### What the task asks
Wherever the string "impI" shows up in the records below, return that line.

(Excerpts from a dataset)
- - - - - - -

(* Let $\mathcal{S} \subseteq 2^{\mathcal{T}_Y}$ be an algebraic closure system which is closed under time shifts. Then there is a theory $\Sigma$ such that $\mathcal{S} = \mathrm{Mod}(\Sigma)$.
   Context: $Y$ is a non-empty finite set of attributes and $\mathcal{T}_Y = \{y^i \mid y \in Y, i \in \mathbb{Z}\}$. For $M \subseteq \mathcal{T}_Y$ and $j \in \mathbb{Z}$, $M + j = \{y^{i+j} \mid y^i \in M\}$. A closure system on $\mathcal{T}_Y$ is a family closed under arbitrary intersections; it induces the closure operator $\mathrm{C}_\mathcal{S}(M) = \bigcap\{N \in \mathcal{S} \mid M \subseteq N\}$. It is algebraic if $\mathrm{C}_\mathcal{S}(M) = \bigcup\{\mathrm{C}_\mathcal{S}(B) \mid B \subseteq M, B \text{ finite}\}$ for all $M$. $\mathcal{S}$ is closed under time shifts if $M+i \in \mathcal{S}$ for all $M \in \mathcal{S}$, $i \in \mathbb{Z}$. A formula is $A \Rightarrow B$ with $A,B$ finite subsets of $\mathcal{T}_Y$; $M \models A \Rightarrow B$ means that for every $i \in \mathbb{Z}$, $A+i \subseteq M$ implies $B+i \subseteq M$. A theory is a set of formulas and $\mathrm{Mod}(\Sigma)$ is the set of all $M \subseteq \mathcal{T}_Y$ in which all formulas of $\Sigma$ are true. *)

theory Defs
  imports Main
begin

(* Attributes: a finite (automatically nonempty) type 'y.
   Time-stamped attributes y^i are pairs (y, i) :: 'y \<times> int, so T_Y = UNIV. *)
type_synonym 'y tattr = "'y \<times> int"

definition shift :: "'y tattr set \<Rightarrow> int \<Rightarrow> 'y tattr set" where
  "shift M j = {(y, i + j) | y i. (y, i) \<in> M}"

definition closure_system :: "'y tattr set set \<Rightarrow> bool" where
  "closure_system S \<longleftrightarrow> (\<forall>F \<subseteq> S. \<Inter>F \<in> S)"

definition clo :: "'y tattr set set \<Rightarrow> 'y tattr set \<Rightarrow> 'y tattr set" where
  "clo S M = \<Inter>{N \<in> S. M \<subseteq> N}"

definition algebraic :: "'y tattr set set \<Rightarrow> bool" where
  "algebraic S \<longleftrightarrow> (\<forall>M. clo S M = \<Union>{clo S B | B. B \<subseteq> M \<and> finite B})"

definition shift_closed :: "'y tattr set set \<Rightarrow> bool" where
  "shift_closed S \<longleftrightarrow> (\<forall>M \<in> S. \<forall>i. shift M i \<in> S)"

(* A formula A \<Rightarrow> B is a pair (A, B) of finite sets *)
type_synonym 'y formula = "'y tattr set \<times> 'y tattr set"

definition is_formula :: "'y formula \<Rightarrow> bool" where
  "is_formula f \<longleftrightarrow> finite (fst f) \<and> finite (snd f)"

definition holds :: "'y tattr set \<Rightarrow> 'y formula \<Rightarrow> bool" where
  "holds M f \<longleftrightarrow> (\<forall>i. shift (fst f) i \<subseteq> M \<longrightarrow> shift (snd f) i \<subseteq> M)"

definition Mod :: "'y formula set \<Rightarrow> 'y tattr set set" where
  "Mod \<Sigma> = {M. \<forall>f \<in> \<Sigma>. holds M f}"

end

theory Submission
  imports Defs
begin

text \<open>Take as theory all formulas \<open>B \<Rightarrow> C\<close> whose conclusion lies in the closure of
  their premise. Every member of \<open>S\<close> satisfies them, since a shifted instance of such a
  formula is an instance of the unshifted one in the shifted set, which is again in \<open>S\<close>.
  Conversely, in a model \<open>M\<close> every element of \<open>clo S M\<close> is, by algebraicity, derived
  from a finite part of \<open>M\<close> by one of these formulas, so \<open>M\<close> equals its closure.\<close>

lemma shift_shift: "shift (shift M a) b = shift M (a + b)"
  unfolding shift_def by (auto simp: add.assoc)

lemma shift_0 [simp]: "shift M 0 = M"
  unfolding shift_def by auto

lemma shift_mono: "A \<subseteq> B \<Longrightarrow> shift A i \<subseteq> shift B i"
  unfolding shift_def by auto

lemma shift_subset_iff: "shift A i \<subseteq> M \<longleftrightarrow> A \<subseteq> shift M (- i)"
  by (metis shift_mono shift_shift shift_0 add.right_inverse add.left_inverse)

lemma clo_upper: "M \<subseteq> clo S M"
  unfolding clo_def by auto

lemma clo_least: "N \<in> S \<Longrightarrow> M \<subseteq> N \<Longrightarrow> clo S M \<subseteq> N"
  unfolding clo_def by auto

lemma clo_in: "closure_system S \<Longrightarrow> clo S M \<in> S"
  unfolding closure_system_def clo_def by auto

definition clo_theory :: "'y tattr set set \<Rightarrow> 'y formula set" where
  "clo_theory S = {(B, C) | B C. finite B \<and> finite C \<and> C \<subseteq> clo S B}"

lemma is_formula_clo_theory: "f \<in> clo_theory S \<Longrightarrow> is_formula f"
  unfolding clo_theory_def is_formula_def by auto

lemma shift_closed_subset_Mod_clo_theory:
  assumes "shift_closed S"
  shows "S \<subseteq> Mod (clo_theory S)"
proof
  fix M assume "M \<in> S"
  have "holds M (B, C)" if "C \<subseteq> clo S B" for B C
    unfolding holds_def fst_conv snd_conv
  proof (intro allI impI)
    fix i assume "shift B i \<subseteq> M"
    moreover have "shift M (- i) \<in> S"
      using \<open>M \<in> S\<close> assms unfolding shift_closed_def by blast
    ultimately have "clo S B \<subseteq> shift M (- i)"
      by (simp add: shift_subset_iff clo_least)
    with that show "shift C i \<subseteq> M"
      by (simp add: shift_subset_iff)
  qed
  then show "M \<in> Mod (clo_theory S)"
    unfolding Mod_def clo_theory_def by auto
qed

lemma algebraic_Mod_clo_theory_subset:
  assumes "closure_system S" and "algebraic S"
  shows "Mod (clo_theory S) \<subseteq> S"
proof
  fix M assume M: "M \<in> Mod (clo_theory S)"
  have "clo S M \<subseteq> M"
  proof
    fix x assume "x \<in> clo S M"
    then obtain B where "B \<subseteq> M" "finite B" "x \<in> clo S B"
      using \<open>algebraic S\<close> unfolding algebraic_def by blast
    then have "holds M (B, {x})"
      using M unfolding Mod_def clo_theory_def by auto
    then show "x \<in> M"
      using \<open>B \<subseteq> M\<close> unfolding holds_def by (metis fst_conv snd_conv shift_0 insert_subset)
  qed
  with clo_upper have "M = clo S M" by blast
  with clo_in[OF \<open>closure_system S\<close>, of M] show "M \<in> S" by simp
qed

theorem theorem3:
  fixes S :: "('y::finite) tattr set set"
  assumes "closure_system S" and "algebraic S" and "shift_closed S"
  shows "\<exists>\<Sigma>. (\<forall>f \<in> \<Sigma>. is_formula f) \<and> S = Mod \<Sigma>"
proof (intro exI conjI)
  show "\<forall>f \<in> clo_theory S. is_formula f"
    using is_formula_clo_theory by blast
  show "S = Mod (clo_theory S)"
    using shift_closed_subset_Mod_clo_theory[OF assms(3)]
      algebraic_Mod_clo_theory_subset[OF assms(1,2)] by blast
qed

end
lemma lincomb_delta:
  assumes "coefficients c"
  shows "lincomb c m = (if m \<in> pcm \<Sigma> I then c (mr_delta (snd (coord m))) (fst (coord m)) else 0)"
proof -
  let ?F = "{b. c b \<noteq> (\<lambda>_. 0)}"
  have summand: "sub_act I (c b) b m =
      (if m \<in> pcm \<Sigma> I \<and> b = mr_delta (snd (coord m)) then c b (fst (coord m)) else 0)"
    if b: "b \<in> ?F" for b
  proof -
    obtain t where "t \<in> T" and "b = mr_delta t"
      using b assms by (auto simp: coefficients_def)
    then show ?thesis
      using sub_act_delta[of "c b" t m] assms by (auto simp: coefficients_def)
  qed
  show ?thesis
  proof (cases "m \<in> pcm \<Sigma> I")
    case True
    have "(\<Sum>b \<in> ?F. sub_act I (c b) b m)
        = (\<Sum>b \<in> ?F. if b = mr_delta (snd (coord m)) then c b (fst (coord m)) else 0)"
      using summand True by (intro sum.cong) auto
    also have "\<dots> = c (mr_delta (snd (coord m))) (fst (coord m))"
      using assms by (auto simp: coefficients_def sum.delta)
    finally show ?thesis using True by (simp add: lincomb_def)
  next
    case False
    then show ?thesis using summand by (simp add: lincomb_def sum.neutral)
  qed
qed

lemma lincomb_eq_iff:
  assumes c: "coefficients c" and x: "x \<in> mring \<Sigma> I"
  shows "x = lincomb c \<longleftrightarrow> (\<forall>m0 \<in> pcm \<Sigma>0 I0. \<forall>t \<in> T. c (mr_delta t) m0 = x (lmult m0 t))"
proof -
  have "x = lincomb c
      \<longleftrightarrow> (\<forall>m. x m = (if m \<in> pcm \<Sigma> I then c (mr_delta (snd (coord m))) (fst (coord m)) else 0))"
    by (simp add: fun_eq_iff lincomb_delta[OF c])
  also have "\<dots> \<longleftrightarrow> (\<forall>m \<in> pcm \<Sigma> I. x m = c (mr_delta (snd (coord m))) (fst (coord m)))"
    using x by (auto simp: mring_def)
  also have "\<dots> \<longleftrightarrow> (\<forall>m0 \<in> pcm \<Sigma>0 I0. \<forall>t \<in> T. c (mr_delta t) m0 = x (lmult m0 t))"
  proof
    assume "\<forall>m \<in> pcm \<Sigma> I. x m = c (mr_delta (snd (coord m))) (fst (coord m))"
    then show "\<forall>m0 \<in> pcm \<Sigma>0 I0. \<forall>t \<in> T. c (mr_delta t) m0 = x (lmult m0 t)"
      by (simp add: lmult_in coord_lmult)
  next
    assume coeff: "\<forall>m0 \<in> pcm \<Sigma>0 I0. \<forall>t \<in> T. c (mr_delta t) m0 = x (lmult m0 t)"
    show "\<forall>m \<in> pcm \<Sigma> I. x m = c (mr_delta (snd (coord m))) (fst (coord m))"
    proof
      fix m assume m: "m \<in> pcm \<Sigma> I"
      obtain m0 t where coord: "coord m = (m0, t)" by fastforce
      then have "m0 \<in> pcm \<Sigma>0 I0" and "t \<in> T" and "lmult m0 t = m"
        using coord_in[OF m] lmult_coord[OF m] by auto
      then show "x m = c (mr_delta (snd (coord m))) (fst (coord m))"
        using coeff coord by auto
    qed
  qed
  finally show ?thesis .
qed

definition coeffs_of :: "('a list set \<Rightarrow> int) \<Rightarrow> ('a list set \<Rightarrow> int) \<Rightarrow> 'a list set \<Rightarrow> int" where
  "coeffs_of x b = (\<lambda>m0. if m0 \<in> pcm \<Sigma>0 I0 \<and> b \<in> mr_delta ` T then x (lmult m0 (inv mr_delta b)) else 0)"

lemma coeffs_of_delta: "m0 \<in> pcm \<Sigma>0 I0 \<Longrightarrow> t \<in> T \<Longrightarrow> coeffs_of x (mr_delta t) m0 = x (lmult m0 t)"
  by (simp add: coeffs_of_def inv_f_f[OF inj_mr_delta])

lemma coeffs_of_nonzero:
  "coeffs_of x b m0 \<noteq> 0 \<Longrightarrow> \<exists>t \<in> T. b = mr_delta t \<and> m0 \<in> pcm \<Sigma>0 I0 \<and> x (lmult m0 t) \<noteq> 0"
  by (auto simp: coeffs_of_def inv_f_f[OF inj_mr_delta] split: if_splits)

lemma coefficients_coeffs_of:
  assumes x: "x \<in> mring \<Sigma> I"
  shows "coefficients (coeffs_of x)"
  unfolding coefficients_def
proof (intro conjI allI impI)
  fix b
  have "{m0. coeffs_of x b m0 \<noteq> 0} \<subseteq> fst ` coord ` {m. x m \<noteq> 0} \<inter> pcm \<Sigma>0 I0"
  proof
    fix m0 assume "m0 \<in> {m0. coeffs_of x b m0 \<noteq> 0}"
    then obtain t where "t \<in> T" and m0: "m0 \<in> pcm \<Sigma>0 I0" and "x (lmult m0 t) \<noteq> 0"
      using coeffs_of_nonzero by blast
    moreover have "m0 = fst (coord (lmult m0 t))"
      using m0 \<open>t \<in> T\<close> by (simp add: coord_lmult)
    ultimately show "m0 \<in> fst ` coord ` {m. x m \<noteq> 0} \<inter> pcm \<Sigma>0 I0"
      by blast
  qed
  then show "coeffs_of x b \<in> mring \<Sigma>0 I0"
    using x by (auto simp: mring_def intro: finite_subset)
next
  show "\<And>b. b \<notin> mr_delta ` T \<Longrightarrow> coeffs_of x b = (\<lambda>_. 0)"
    by (simp add: coeffs_of_def)
next
  have "{b. coeffs_of x b \<noteq> (\<lambda>_. 0)} \<subseteq> (\<lambda>m. mr_delta (snd (coord m))) ` {m. x m \<noteq> 0}"
  proof
    fix b assume "b \<in> {b. coeffs_of x b \<noteq> (\<lambda>_. 0)}"
    then obtain m0 where "coeffs_of x b m0 \<noteq> 0" by auto
    then obtain t where "t \<in> T" and b: "b = mr_delta t" and m0: "m0 \<in> pcm \<Sigma>0 I0"
      and "x (lmult m0 t) \<noteq> 0"
      using coeffs_of_nonzero by blast
    moreover have "b = mr_delta (snd (coord (lmult m0 t)))"
      using m0 \<open>t \<in> T\<close> b by (simp add: coord_lmult)
    ultimately show "b \<in> (\<lambda>m. mr_delta (snd (coord m))) ` {m. x m \<noteq> 0}"
      by blast
  qed
  then show "finite {b. coeffs_of x b \<noteq> (\<lambda>_. 0)}"
    using x by (auto simp: mring_def intro: finite_subset)
qed

lemma coefficients_eqI:
  assumes "coefficients c" and "coefficients c'"
    and "\<forall>m0 \<in> pcm \<Sigma>0 I0. \<forall>t \<in> T. c (mr_delta t) m0 = c' (mr_delta t) m0"
  shows "c = c'"
proof (intro ext)
  fix b m0
  show "c b m0 = c' b m0"
  proof (cases "m0 \<in> pcm \<Sigma>0 I0 \<and> b \<in> mr_delta ` T")
    case True
    then show ?thesis using assms(3) by auto
  next
    case False
    then have "c b m0 = 0" and "c' b m0 = 0"
      using assms(1,2) by (fastforce simp: coefficients_def mring_def)+
    then show ?thesis by simp
  qed
qed

theorem free_left_module_mring: "free_left_module (mring \<Sigma>0 I0) (mring \<Sigma> I) (sub_act I)"
  unfolding free_left_module_def lincomb_def[symmetric]
proof (intro exI[of _ "mr_delta ` T"] conjI ballI)
  show "mr_delta ` T \<subseteq> mring \<Sigma> I"
    using basis_subset mr_delta_in_mring by blast
next
  fix x assume x: "x \<in> mring \<Sigma> I"
  have "coefficients c \<and> x = lincomb c \<longleftrightarrow> c = coeffs_of x" for c
    using coefficients_coeffs_of[OF x] lincomb_eq_iff[OF _ x] coefficients_eqI[of c "coeffs_of x"]
    by (auto simp: coeffs_of_delta)
  then show "\<exists>!c. (\<forall>b. c b \<in> mring \<Sigma>0 I0) \<and> (\<forall>b. b \<notin> mr_delta ` T \<longrightarrow> c b = (\<lambda>_. 0))
      \<and> finite {b. c b \<noteq> (\<lambda>_. 0)} \<and> x = lincomb c"
    unfolding coefficients_def by auto
qed

end

theorem lemma2p1:
  fixes \<Sigma> \<Sigma>0 :: "'a set" and I :: "('a \<times> 'a) set"
  assumes "finite \<Sigma>"
    and "I \<subseteq> \<Sigma> \<times> \<Sigma>"
    and "sym I"
    and "irrefl I"
    and "\<Sigma>0 \<subseteq> \<Sigma>"
  shows "free_left_module (mring \<Sigma>0 ((\<Sigma>0 \<times> \<Sigma>0) \<inter> I)) (mring \<Sigma> I) (sub_act I)"
proof -
  interpret pcm_free_action \<Sigma>0 "(\<Sigma>0 \<times> \<Sigma>0) \<inter> I" \<Sigma> I "pcm_reduced \<Sigma>0 \<Sigma> I"
    using pcm_reduced_subset inj_on_tclass_rep[OF assms(3)] bij_betw_pcm_mult_reduced[OF assms(3,5)]
    by unfold_locales
  show ?thesis
    by (rule free_left_module_mring)
qed

end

- - - - - - -

### Solution below
  proof (intro allI impI)
proof (intro conjI allI impI)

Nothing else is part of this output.